- Education: University of Amsterdam
- Known for: Applications of the Grothendieck inequality in quantum nonlocality Quantum fingerprinting Decision tree model Communication complexity and quantum nonlocality
- Scientific career
- Fields: Computer Science, Quantum Computing
- Workplaces: Quantinuum CWI University of Amsterdam
- Doctoral advisor: Peter van Emde Boas
- Notable students: Ronald de Wolf, Stephanie Wehner

= Harry Buhrman =

Dutch computer scientist

Harry Buhrman (born 1966) is a Dutch computer scientist, currently Chief Scientist Quantum Algorithms & Innovation at Quantinuum. He previously was Professor of algorithms, complexity theory, and quantum computing at the University of Amsterdam (UvA), group leader of the Quantum Computing Group at the Centrum Wiskunde & Informatica (CWI), and executive director of QuSoft, the Dutch research center for quantum software.

Buhrman research interests are on Quantum Computing, Quantum Information, Quantum Cryptography, Computational complexity theory, Kolmogorov Complexity, and Computational Biology.

Buhrman contributed substantially to the quantum analogue of Communication complexity, exhibiting an advantage of the use of qubits in distributed information-processing tasks.
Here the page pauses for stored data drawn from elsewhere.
(* The relation $\{(\rho,\pi):\rho=[n]\text{ for some }n\ge1\text{ and }n\text{ is a part of }\pi\}$ is $\Pi_2$-definable in $\mathbf Y^*=\langle\mathcal P,\le,[1]+[1]\rangle$.
   Context: $\mathcal P$ is the set of all integer partitions, including the empty partition; a partition is a nonincreasing finite sequence of positive integers (its parts). $[n]$ denotes the partition with a single part $n$. Young's lattice $\mathbf Y=\langle\mathcal P,\le\rangle$ has $(s_1,\dots,s_r)\le(n_1,\dots,n_t)$ iff $r\le t$ and $s_i\le n_i$ for all $i\le r$; $\mathbf Y^*$ is $\mathbf Y$ with a constant symbol for the partition $[1]+[1]=(1,1)$. A relation is $\Pi_n$-definable if it is defined by a first-order formula in the language $\{\le,(1,1)\}$ in prenex form with $n$ alternating quantifier blocks, the outermost universal, and a quantifier-free matrix. *)

theory Defs
  imports Main
begin

definition is_partition :: "nat list \<Rightarrow> bool" where
  "is_partition p \<longleftrightarrow> sorted_wrt (\<ge>) p \<and> (\<forall>x\<in>set p. 0 < x)"

definition young_le :: "nat list \<Rightarrow> nat list \<Rightarrow> bool" where
  "young_le s n \<longleftrightarrow> length s \<le> length n \<and> (\<forall>i<length s. s ! i \<le> n ! i)"

text \<open>The constant of Y*: the partition [1]+[1] = (1,1).\<close>
definition c11 :: "nat list" where
  "c11 = [1, 1]"

datatype tm = Var nat | Cst

datatype qf =
    TT
  | Le tm tm
  | Eq tm tm
  | Neg qf
  | Conj qf qf
  | Disj qf qf

fun tm_val :: "(nat \<Rightarrow> nat list) \<Rightarrow> tm \<Rightarrow> nat list" where
  "tm_val e (Var v) = e v"
| "tm_val e Cst = c11"

fun qf_sat :: "(nat \<Rightarrow> nat list) \<Rightarrow> qf \<Rightarrow> bool" where
  "qf_sat e TT = True"
| "qf_sat e (Le s t) = young_le (tm_val e s) (tm_val e t)"
| "qf_sat e (Eq s t) = (tm_val e s = tm_val e t)"
| "qf_sat e (Neg f) = (\<not> qf_sat e f)"
| "qf_sat e (Conj f g) = (qf_sat e f \<and> qf_sat e g)"
| "qf_sat e (Disj f g) = (qf_sat e f \<or> qf_sat e g)"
Although quantum entanglement cannot be used to replace communication, can be used to reduce the communication exponentially.
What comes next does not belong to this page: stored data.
(* Y^p(v, g) gives each player half of the Shapley value, in the game v played by the
   links of g, of each of its links.  Efficiency of that Shapley value and component
   additivity give component balance network by network, and the balanced contributions
   property of the Shapley value, read on links, gives balanced link contributions.  Both
   pass to the expectation because rho^-l is the image of rho under g |-> g - l.
   Uniqueness is by induction on the size of the extent: if two rules with both properties
   agree on every rho^-l, their difference d satisfies |L_j| d_i = |L_i| d_j, so d is
   proportional to the number of links, and component balance forces the factor to be 0. *)

definition shapley_weight :: "nat \<Rightarrow> nat \<Rightarrow> real" where
  "shapley_weight n s = fact s * fact (n - s - 1) / fact n"

definition link_shapley :: "('b set \<Rightarrow> real) \<Rightarrow> 'b set \<Rightarrow> 'b \<Rightarrow> real" where
  "link_shapley f g l =
     (\<Sum>h\<in>Pow (g - {l}). shapley_weight (card g) (card h) * (f (insert l h) - f h))"

lemma position_value_eq_link_shapley:
  "position_value v g i = 1/2 * (\<Sum>l\<in>links_of g i. link_shapley v g l)"
  unfolding position_value_def link_shapley_def shapley_weight_def by simp

lemma link_shapley_cong:
  assumes "l \<in> g" "\<And>S. S \<subseteq> g \<Longrightarrow> f S = f' S"
  shows "link_shapley f g l = link_shapley f' g l"
proof -
  have "f (insert l S) = f' (insert l S) \<and> f S = f' S" if "S \<subseteq> g - {l}" for S
  proof -
    have "insert l S \<subseteq> g" "S \<subseteq> g"
      using that assms(1) by auto
    then show ?thesis
      using assms(2) by blast
  qed
  then show ?thesis
    unfolding link_shapley_def by (intro sum.cong) auto
qed

lemma link_shapley_add:
  "link_shapley (\<lambda>S. f S + f' S) g l = link_shapley f g l + link_shapley f' g l"
  unfolding link_shapley_def by (simp add: sum.distrib[symmetric] algebra_simps)

lemma link_shapley_null_player:
  assumes "\<And>S. f (insert l S) = f S"
  shows "link_shapley f g l = 0"
  unfolding link_shapley_def using assms by simp

lemma shapley_weight_telescope:
  assumes "t \<le> n"
  shows "real t * shapley_weight n (t - 1) - real (n - t) * shapley_weight n t
       = (if t = n then 1 else 0) - (if t = 0 then 1 else 0)"
proof -
  obtain r where "n = t + r"
    using assms le_iff_add by blast
  then show ?thesis
    by (cases t; cases r) (simp_all add: shapley_weight_def)
qed

lemma sum_Pow_remove_insert:
  fixes c :: "nat \<Rightarrow> real"
  assumes g: "finite g"
  shows "(\<Sum>l\<in>g. \<Sum>h\<in>Pow (g - {l}). c (card h) * f (insert l h))
       = (\<Sum>T\<in>Pow g. real (card T) * c (card T - 1) * f T)"
proof -
  have "(\<Sum>h\<in>Pow (g - {l}). c (card h) * f (insert l h))
      = (\<Sum>T\<in>{T \<in> Pow g. l \<in> T}. c (card T - 1) * f T)" if "l \<in> g" for l
    by (rule sum.reindex_bij_witness[where i = "\<lambda>T. T - {l}" and j = "insert l"])
      (use that g in \<open>auto simp: card_insert_if finite_subset\<close>)
  then have "(\<Sum>l\<in>g. \<Sum>h\<in>Pow (g - {l}). c (card h) * f (insert l h))
      = (\<Sum>l\<in>g. \<Sum>T\<in>{T \<in> Pow g. l \<in> T}. c (card T - 1) * f T)"
    by (rule sum.cong[OF refl])
  also have "\<dots> = (\<Sum>T\<in>Pow g. \<Sum>l\<in>{l \<in> g. l \<in> T}. c (card T - 1) * f T)"
    by (rule sum.swap_restrict) (use g in auto)
  also have "\<dots> = (\<Sum>T\<in>Pow g. real (card T) * c (card T - 1) * f T)"
  proof (rule sum.cong[OF refl])
    fix T assume "T \<in> Pow g"
    then have "{l \<in> g. l \<in> T} = T"
      by auto
    then show "(\<Sum>l\<in>{l \<in> g. l \<in> T}. c (card T - 1) * f T) = real (card T) * c (card T - 1) * f T"
      by simp
  qed
  finally show ?thesis .
qed

lemma sum_Pow_remove:
  fixes c :: "nat \<Rightarrow> real"
  assumes g: "finite g"
  shows "(\<Sum>l\<in>g. \<Sum>h\<in>Pow (g - {l}). c (card h) * f h)
       = (\<Sum>T\<in>Pow g. real (card g - card T) * c (card T) * f T)"
proof -
  have "(\<Sum>l\<in>g. \<Sum>h\<in>Pow (g - {l}). c (card h) * f h)
      = (\<Sum>l\<in>g. \<Sum>T\<in>{T \<in> Pow g. l \<notin> T}. c (card T) * f T)"
    by (intro sum.cong) auto
  also have "\<dots> = (\<Sum>T\<in>Pow g. \<Sum>l\<in>{l \<in> g. l \<notin> T}. c (card T) * f T)"
    by (rule sum.swap_restrict) (use g in auto)
  also have "\<dots> = (\<Sum>T\<in>Pow g. real (card g - card T) * c (card T) * f T)"
  proof (rule sum.cong[OF refl])
    fix T assume "T \<in> Pow g"
    moreover have "{l \<in> g. l \<notin> T} = g - T"
      by auto
    ultimately show "(\<Sum>l\<in>{l \<in> g. l \<notin> T}. c (card T) * f T) = real (card g - card T) * c (card T) * f T"
      using g by (simp add: card_Diff_subset finite_subset)
  qed
  finally show ?thesis .
qed

lemma link_shapley_efficient:
  assumes g: "finite g"
  shows "(\<Sum>l\<in>g. link_shapley f g l) = f g - f {}"
proof -
  let ?w = "shapley_weight (card g)"
  have "(\<Sum>l\<in>g. link_shapley f g l)
      = (\<Sum>T\<in>Pow g. (real (card T) * ?w (card T - 1) - real (card g - card T) * ?w (card T)) * f T)"
    unfolding link_shapley_def
    by (simp add: right_diff_distrib left_diff_distrib sum_subtractf
        sum_Pow_remove_insert[OF g] sum_Pow_remove[OF g])
  also have "\<dots> = (\<Sum>T\<in>Pow g. (if T = g then f T else 0) - (if T = {} then f T else 0))"
  proof (rule sum.cong[OF refl])
    fix T assume "T \<in> Pow g"
    then have "card T \<le> card g" "card T = card g \<longleftrightarrow> T = g" "card T = 0 \<longleftrightarrow> T = {}"
      using g card_subset_eq[OF g] by (auto intro: card_mono dest: finite_subset)
    then show "(real (card T) * ?w (card T - 1) - real (card g - card T) * ?w (card T)) * f T
        = (if T = g then f T else 0) - (if T = {} then f T else 0)"
      using shapley_weight_telescope[of "card T" "card g"] by simp
  qed
  also have "\<dots> = f g - f {}"
    using g by (simp add: sum_subtractf)
  finally show ?thesis .
qed

lemma shapley_weight_pascal:
  assumes "s + 2 \<le> n"
  shows "shapley_weight (n - 1) s = shapley_weight n s + shapley_weight n (Suc s)"
proof -
  obtain r where n: "n = Suc (Suc (s + r))"
    using assms by (metis add_2_eq_Suc' add.commute le_Suc_ex add_Suc_right)
  have "shapley_weight n s + shapley_weight n (Suc s)
      = fact s * fact r * ((real r + 1) + (real s + 1)) / fact n"
    by (simp add: n shapley_weight_def add_divide_distrib algebra_simps)
  also have "\<dots> = shapley_weight (n - 1) s"
    by (simp add: n shapley_weight_def ac_simps)
  finally show ?thesis ..
qed

(* The right-hand side is symmetric in l and l'. *)
lemma link_shapley_remove_other_link:
  assumes g: "finite g" and l: "l \<in> g" "l' \<in> g" "l \<noteq> l'"
  shows "link_shapley f g l - link_shapley f (g - {l'}) l
       = (\<Sum>S\<in>Pow (g - {l, l'}). shapley_weight (card g) (Suc (card S)) *
            (f (insert l (insert l' S)) - f (insert l' S) - f (insert l S) + f S))"
proof -
  define K where "K = g - {l, l'}"
  define w where "w = shapley_weight (card g)"
  define D where "D S = f (insert l S) - f S" for S
  have K: "finite K" "l \<notin> K" "l' \<notin> K" "g - {l} = insert l' K" "g - {l'} - {l} = K"
    using g l by (auto simp: K_def)
  have "card {l, l'} \<le> card g"
    using g l by (intro card_mono) auto
  then have card_g: "card g = card K + 2"
    using g l by (simp add: K_def card_Diff_subset)
  have "link_shapley f g l = (\<Sum>S\<in>Pow K. w (card S) * D S) + (\<Sum>S\<in>insert l' ` Pow K. w (card S) * D S)"
    unfolding link_shapley_def w_def D_def K(4) Pow_insert
    by (rule sum.union_disjoint) (use K in auto)
  also have "(\<Sum>S\<in>insert l' ` Pow K. w (card S) * D S) = (\<Sum>S\<in>Pow K. w (Suc (card S)) * D (insert l' S))"
  proof (rule sum.reindex_cong)
    show "inj_on (insert l') (Pow K)"
      using K by (auto intro!: inj_onI)
  qed (use K in \<open>auto simp: card_insert_if finite_subset\<close>)
  finally have with_l': "link_shapley f g l
      = (\<Sum>S\<in>Pow K. w (card S) * D S + w (Suc (card S)) * D (insert l' S))"
    by (simp add: sum.distrib)
  have without_l': "link_shapley f (g - {l'}) l = (\<Sum>S\<in>Pow K. (w (card S) + w (Suc (card S))) * D S)"
    unfolding link_shapley_def K(5)
  proof (rule sum.cong[OF refl])
    fix S assume "S \<in> Pow K"
    then have "card S + 2 \<le> card g"
      using K card_g card_mono by fastforce
    then show "shapley_weight (card (g - {l'})) (card S) * (f (insert l S) - f S)
        = (w (card S) + w (Suc (card S))) * D S"
      using l g shapley_weight_pascal[of "card S" "card g"] by (simp add: w_def D_def)
  qed
  show ?thesis
    unfolding with_l' without_l' K_def[symmetric] w_def[symmetric] D_def
    by (simp add: sum_subtractf[symmetric] algebra_simps)
qed

lemma link_shapley_balanced_contributions:
  assumes "finite g" "l \<in> g" "l' \<in> g"
  shows "link_shapley f g l - link_shapley f (g - {l'}) l
       = link_shapley f g l' - link_shapley f (g - {l}) l'"
proof (cases "l = l'")
  case False
  then show ?thesis
    unfolding link_shapley_remove_other_link[OF assms False]
      link_shapley_remove_other_link[OF assms(1,3,2) False[symmetric]]
    by (simp add: insert_commute algebra_simps)
qed simp

lemma position_value_remove_link:
  assumes "finite g"
  shows "position_value v g i - position_value v (g - {l'}) i
       = 1/2 * (\<Sum>l\<in>links_of g i. link_shapley v g l - (if l = l' then 0 else link_shapley v (g - {l'}) l))"
proof -
  have "links_of (g - {l'}) i = {l \<in> links_of g i. l \<noteq> l'}"
    unfolding links_of_def by auto
  moreover have "finite (links_of g i)"
    using assms by (simp add: links_of_def)
  ultimately have "(\<Sum>l\<in>links_of (g - {l'}) i. link_shapley v (g - {l'}) l)
      = (\<Sum>l\<in>links_of g i. if l = l' then 0 else link_shapley v (g - {l'}) l)"
    by (simp add: sum.inter_filter) (rule sum.cong; simp)
  then show ?thesis
    unfolding position_value_eq_link_shapley by (simp add: sum_subtractf right_diff_distrib)
qed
Buhrman was elected a member of the Royal Netherlands Academy of Arts and Sciences in 2020.

== Publications ==

- Harry Buhrman, Richard Cleve, John Watrous, and Ronald de Wolf, Quantum fingerprinting, Physical Review Letters 87, 167902 (2001).
- Harry Buhrman, Nishanth Chadran, Serge Fehr, Ran Gelles, Vipul Goyal, Rafail Ostrosky, and Christian Schaffner, Position-based quantum cryptography: impossibility and constructions, SIAM Journal on Computing 43, 150-178 (2014).
- Harry Buhrman, Łukasz Czekaj, Andrzej Grudka, Michał Horodecki, Paweł Horodecki, Marcin Markiewicz, Florian Speelman, and Sergii Strelchuk, Quantum communication complexity advantage implies violation of a Bell inequality, Proceedings of the National Academy of Sciences of the United States of America 113 (12), 3191-3196 (2016).
- Harry Buhrman, Richard Cleve, Serge Massar, Ronald de Wolf, Nonlocality and communication complexity, Rev. Mod. Phys. 82, 665 (2010).